AI Conversations on GPUs at Risk of Eavesdropping

After thorough research, cybersecurity experts at Trail of Bits have uncovered a significant vulnerability that could potentially allow unauthorized access to GPU local memory on certain Apple, Qualcomm, AMD, and Imagination GPUs. This flaw, dubbed LeftoverLocals, has the capability to breach conversations held via large language models and machine learning models on affected GPUs. To address this issue, the affected vendors—Apple, Qualcomm, AMD, and Imagination—have implemented various remediations.

Table of Contents

Affected GPUs and Patches

Apple, Qualcomm, AMD, and Imagination GPUs have all been impacted by the LeftoverLocals vulnerability. Here are the recommended patches from each vendor:

Apple has issued fixes for the A17 and M3 series processors, as well as specific devices such as the Apple iPad Air 3rd G (A12). However, a comprehensive list of secured devices has not been provided. As of January 16th, the Apple MacBook Air (M2) was still vulnerable, according to Trail of Bits.

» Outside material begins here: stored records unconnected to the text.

(* Let $\sigma$ be the softmax-1 activation, take $m=0$, $r=0$ and unspecialized biases $b=\tilde b\mathbf 1_H$ with $\tilde b\in\mathbb R$. Then for every $h\in[H]$, $$\partial_{b_h}\tilde{\mathcal E}_\sigma(0,0,b,v)=-2\Big(\frac{Lv}{L+e^{\tilde b}}-1\Big)\frac vH\frac{e^{\tilde b}}{(L+e^{\tilde b})^2},\qquad \partial_v\tilde{\mathcal E}_\sigma(0,0,b,v)=2\Big(\frac{Lv}{L+e^{\tilde b}}-1\Big)\frac1{L+e^{\tilde b}}.$$ The fixed points of the corresponding gradient-flow system satisfy $Lv=L+e^{\tilde b}$ and they are attractive. Finally, at initialization $b=0$, $v=1$: $\partial_{b_h}\tilde{\mathcal E}_\sigma(0,0,0,1)>0$ and $\partial_v\tilde{\mathcal E}_\sigma(0,0,0,1)<0$.
   Context: Fix integers $L,H,F\ge1$ and a distribution $P_\theta$ on $\mathbb R^F$; $\mathbf 1_H$ is the all-ones vector. For $m\in\mathbb R^{H\times F}$, $r$ symmetric $H\times H$, $b\in\mathbb R^H$, $v\in\mathbb R$: $\tilde{\mathcal E}_\sigma(m,r,b,v)=\mathbb E\big[\sum_{\ell=1}^L(\delta_{\ell,\epsilon}-\frac1H\sum_{h=1}^H\sigma(\chi,b,v;h)_\ell)^2\big]$, $\chi_{h\ell}=\sum_fm_{hf}\chi^*_{f\ell}+\sum_{h'}r_{hh'}\xi_{h'\ell}$, with $\epsilon\sim\mathrm{Unif}(\{1,\dots,L\})$, $\theta\sim P_\theta$, and conditionally independent $\chi^*_{:\ell}\sim\mathcal N(\delta_{\ell,\epsilon}\theta,I_F)$, $\xi_{:\ell}\sim\mathcal N(0,I_H)$. The softmax-1 activation is $\sigma(\chi,b,v;h)_\ell=v e^{\chi_{h\ell}}/(e^{b_h}+\sum_{\ell'=1}^Le^{\chi_{h\ell'}})$. The gradient flow is $\partial_\tau b=-\nabla_b\tilde{\mathcal E}_\sigma$, $\partial_\tau v=-\nabla_v\tilde{\mathcal E}_\sigma$. *)

theory Defs
  imports "HOL-Probability.Probability"
begin

text \<open>Index conventions: heads h in {1..H}, features f in {1..F}, positions l in {1..L}.
  Matrices are functions nat => nat => real (only the entries with indices in range matter);
  random matrices chi* (F x L) and xi (H x L) are functions on index pairs.\<close>

definition gauss1 :: "real \<Rightarrow> real measure" where
  "gauss1 \<mu> = density lborel (normal_density \<mu> 1)"

definition chi_mat :: "nat \<Rightarrow> nat \<Rightarrow> (nat \<Rightarrow> nat \<Rightarrow> real) \<Rightarrow> (nat \<Rightarrow> nat \<Rightarrow> real)
    \<Rightarrow> (nat \<times> nat \<Rightarrow> real) \<Rightarrow> (nat \<times> nat \<Rightarrow> real) \<Rightarrow> nat \<Rightarrow> nat \<Rightarrow> real" where
  "chi_mat F H m r cs xi h l =
     (\<Sum>f=1..F. m h f * cs (f, l)) + (\<Sum>h'=1..H. r h h' * xi (h', l))"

AMD plans to roll out a new mode to address the problem by March 2024. Additionally, AMD has released a detailed list of affected products.

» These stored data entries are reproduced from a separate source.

theorem lemma4p3:
  fixes n :: nat
  assumes "n \<ge> 4"
  shows "(n mod 4 \<noteq> 0 \<longrightarrow>
            ((\<Prod>j = 1..n - 1. eT_xi n j) = 2 powr (1 - real_of_int \<lceil>real n / 2\<rceil>)
             \<or> (\<Prod>j = 1..n - 1. eT_xi n j) = - (2 powr (1 - real_of_int \<lceil>real n / 2\<rceil>)))
            \<and> (\<Prod>j = 1..n - 1. eT_xi n j) \<noteq> 0)
       \<and> (n mod 4 = 0 \<longrightarrow>
            eT_xi n (n div 2) = 0 \<and> (\<forall>j \<in> {1..n - 1} - {n div 2}. eT_xi n j \<noteq> 0))"
proof -
  let ?P = "\<Prod>j = 1..n - 1. eT_xi n j"
  let ?v = "2 powr (1 - real_of_int \<lceil>real n / 2\<rceil>)"
  have "(?P = ?v \<or> ?P = - ?v) \<and> ?P \<noteq> 0" if "n mod 4 \<noteq> 0"
  proof -
    have "\<bar>?P\<bar> = ?v"
      using abs_prod_eT_xi[OF that] two_powr_one_minus_ceiling_half[of n] assms by simp
    moreover have "0 < ?v"
      by simp
    ultimately show ?thesis
      by (auto simp del: prod_zero_iff)
  qed
  moreover have "eT_xi n (n div 2) = 0 \<and> (\<forall>j \<in> {1..n - 1} - {n div 2}. eT_xi n j \<noteq> 0)"
    if "n mod 4 = 0"
  proof -
    have "n = 2 * (n div 2)" "even (n div 2)" "1 \<le> n div 2" "n div 2 \<le> n - 1"
      using that assms by presburger+
    then show ?thesis
      using eT_xi_eq_0_iff[of _ n] by auto
  qed
  ultimately show ?thesis
    by blast
qed

end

Imagination has updated drivers and firmware to prevent the vulnerability in affected DDK Releases up to and including 23.2.

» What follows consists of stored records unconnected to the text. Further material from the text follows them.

lemma trace_summand_expansion:
  assumes "prime l" "\<not> l dvd p" "\<not> l dvd k" "prim_root_unity l \<zeta>"
  shows "((\<zeta>^k)^(p + 1) + (\<zeta>^k)^(p - 1)) / ((\<zeta>^k)^p - 1)^2
    = - (\<Sum>j<l. inv_sq_coeff l j * (\<zeta>^(k * (p * j + (p + 1))) + \<zeta>^(k * (p * j + (p - 1)))))
      / (2 * of_nat l)"
proof -
  define w where "w = \<zeta>^k"
  have "0 < l"
    using assms(1) prime_gt_0_nat by blast
  moreover have "(w^p)^l = 1"
    unfolding w_def power_mult[symmetric] prim_root_unity_pow_eq_1_iff[OF assms(4)] by simp
  moreover have "\<not> l dvd k * p"
    using assms(1-3) prime_dvd_mult_iff by blast
  then have "w^p \<noteq> 1"
    unfolding w_def power_mult[symmetric] prim_root_unity_pow_eq_1_iff[OF assms(4)] .
  ultimately have inv: "1 / (w^p - 1)^2 = - (\<Sum>j<l. inv_sq_coeff l j * (w^p)^j) / (2 * of_nat l)"
    by (rule inverse_square_root_unity_expansion)
  have pow: "\<zeta>^(k * (p * j + r)) = w^r * (w^p)^j" for j r
    unfolding w_def by (simp add: algebra_simps power_add flip: power_mult)
  have sum: "(\<Sum>j<l. inv_sq_coeff l j * (\<zeta>^(k * (p * j + (p + 1))) + \<zeta>^(k * (p * j + (p - 1)))))
      = (w^(p + 1) + w^(p - 1)) * (\<Sum>j<l. inv_sq_coeff l j * (w^p)^j)"
    unfolding pow sum_distrib_left by (intro sum.cong refl) (simp add: algebra_simps)
  have "(w^(p + 1) + w^(p - 1)) / (w^p - 1)^2 = (w^(p + 1) + w^(p - 1)) * (1 / (w^p - 1)^2)"
    by simp
  also have "\<dots> = - ((w^(p + 1) + w^(p - 1)) * (\<Sum>j<l. inv_sq_coeff l j * (w^p)^j)) / (2 * of_nat l)"
    unfolding inv by simp
  finally show ?thesis
    unfolding sum w_def .
qed

lemma cyclo_trace_as_coeff_sum:
  assumes "prime l" "\<not> l dvd p" "prim_root_unity l \<zeta>"
  shows "cyclo_trace l \<zeta> (\<lambda>z. (z^(p + 1) + z^(p - 1)) / (z^p - 1)^2)
    = - (of_nat l * (\<Sum>j<l. of_bool (l dvd p * j + (p + 1)) * inv_sq_coeff l j)
        + of_nat l * (\<Sum>j<l. of_bool (l dvd p * j + (p - 1)) * inv_sq_coeff l j)
        - 2 * (\<Sum>j<l. inv_sq_coeff l j)) / (2 * of_nat l)"
proof -
  let ?c = "inv_sq_coeff l :: nat \<Rightarrow> complex"
  let ?n1 = "\<lambda>j. p * j + (p + 1)" and ?n2 = "\<lambda>j. p * j + (p - 1)"
  have "cyclo_trace l \<zeta> (\<lambda>z. (z^(p + 1) + z^(p - 1)) / (z^p - 1)^2)
      = (\<Sum>k\<in>{1..<l}. - (\<Sum>j<l. ?c j * (\<zeta>^(k * ?n1 j) + \<zeta>^(k * ?n2 j))) / (2 * of_nat l))"
    unfolding cyclo_trace_prime[OF assms(1)]
  proof (intro sum.cong refl)
    fix k assume "k \<in> {1..<l}"
    then have "\<not> l dvd k"
      by (auto dest: dvd_imp_le)
    then show "((\<zeta>^k)^(p + 1) + (\<zeta>^k)^(p - 1)) / ((\<zeta>^k)^p - 1)^2
        = - (\<Sum>j<l. ?c j * (\<zeta>^(k * ?n1 j) + \<zeta>^(k * ?n2 j))) / (2 * of_nat l)"
      by (rule trace_summand_expansion[OF assms(1,2) _ assms(3)])
  qed
  also have "\<dots> = - (\<Sum>k\<in>{1..<l}. \<Sum>j<l. ?c j * (\<zeta>^(k * ?n1 j) + \<zeta>^(k * ?n2 j))) / (2 * of_nat l)"
    by (simp add: sum_divide_distrib[symmetric] sum_negf)
  also have "\<dots> = - (\<Sum>j<l. \<Sum>k\<in>{1..<l}. ?c j * (\<zeta>^(k * ?n1 j) + \<zeta>^(k * ?n2 j))) / (2 * of_nat l)"
    by (subst sum.swap) (rule refl)
  also have "\<dots> = - (\<Sum>j<l. ?c j * ((\<Sum>k\<in>{1..<l}. \<zeta>^(k * ?n1 j)) + (\<Sum>k\<in>{1..<l}. \<zeta>^(k * ?n2 j))))
      / (2 * of_nat l)"
    by (simp only: sum_distrib_left[symmetric] sum.distrib)
  also have "\<dots> = - (of_nat l * (\<Sum>j<l. of_bool (l dvd ?n1 j) * ?c j)
      + of_nat l * (\<Sum>j<l. of_bool (l dvd ?n2 j) * ?c j) - 2 * (\<Sum>j<l. ?c j)) / (2 * of_nat l)"
  proof -
    have "?c j * ((of_nat l * of_bool (l dvd ?n1 j) - 1) + (of_nat l * of_bool (l dvd ?n2 j) - 1))
        = of_nat l * (of_bool (l dvd ?n1 j) * ?c j) + of_nat l * (of_bool (l dvd ?n2 j) * ?c j) - 2 * ?c j"
      for j
      by (simp add: algebra_simps)
    then show ?thesis
      unfolding sum_prim_root_unity_powers[OF assms(3)]
      by (simp only: sum.distrib sum_subtractf sum_distrib_left)
  qed
  finally show ?thesis .
qed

Qualcomm has released a patch for some devices, but has not supplied a complete list of affected and unaffected devices.

Understanding the LeftoverLocals Vulnerability

In essence, the LeftoverLocals vulnerability exploits a GPU memory region known as local memory to connect two GPU kernels, even if they are not part of the same application or utilized by the same user. Attackers can utilize GPU compute applications, such as OpenCL, Vulkan, or Metal, to create a GPU kernel that dumps uninitialized local memory into the target device. While CPUs typically isolate memory in a way that prevents exploits like this, GPUs may not have the same level of protection.

Implications of LeftoverLocals

The LeftoverLocals process can be used to intercept the linear algebra operations performed by open-source large language models, allowing attackers to eavesdrop on the interactive conversations taking place. Researchers at Trail of Bits discovered that the attacker can sometimes extract incorrect tokens or other errors, such as words semantically similar to other embeddings. This flaw, tracked by NIST as CVE-2023-4969, poses a significant security risk.

Defending Against LeftoverLocals

Aside from applying the updates from the GPU vendors mentioned above, experts Tyler Sorensen and Heidy Khlaaf of Trail of Bits advise that mitigating and verifying this vulnerability on individual devices may prove challenging. Programmers will need to modify the source code of all GPU kernels that use local memory, ensuring that GPU threads clear memory to any local memory locations not used in the kernel, and verifying that the compiler does not remove these memory-clearing instructions. Additionally, developers working in machine learning or application owners using ML apps should exercise caution, as many parts of the ML development stack have not been thoroughly reviewed by security experts.

Looking Ahead

Trail of Bits views this vulnerability as an opportunity for the GPU systems community to fortify the GPU system stack and associated specifications. As they work to strengthen the security of GPU systems, it is crucial for businesses and developers to remain vigilant and implement the necessary updates and precautions to safeguard sensitive data and conversations from potential breaches.

In conclusion, the discovery of the LeftoverLocals vulnerability sheds light on the importance of consistently evaluating and addressing potential security risks within the GPU systems community. By understanding the nature of this vulnerability and taking proactive measures to protect against it, businesses and developers can minimize the potential impact of security breaches and reinforce the overall security of their GPU systems.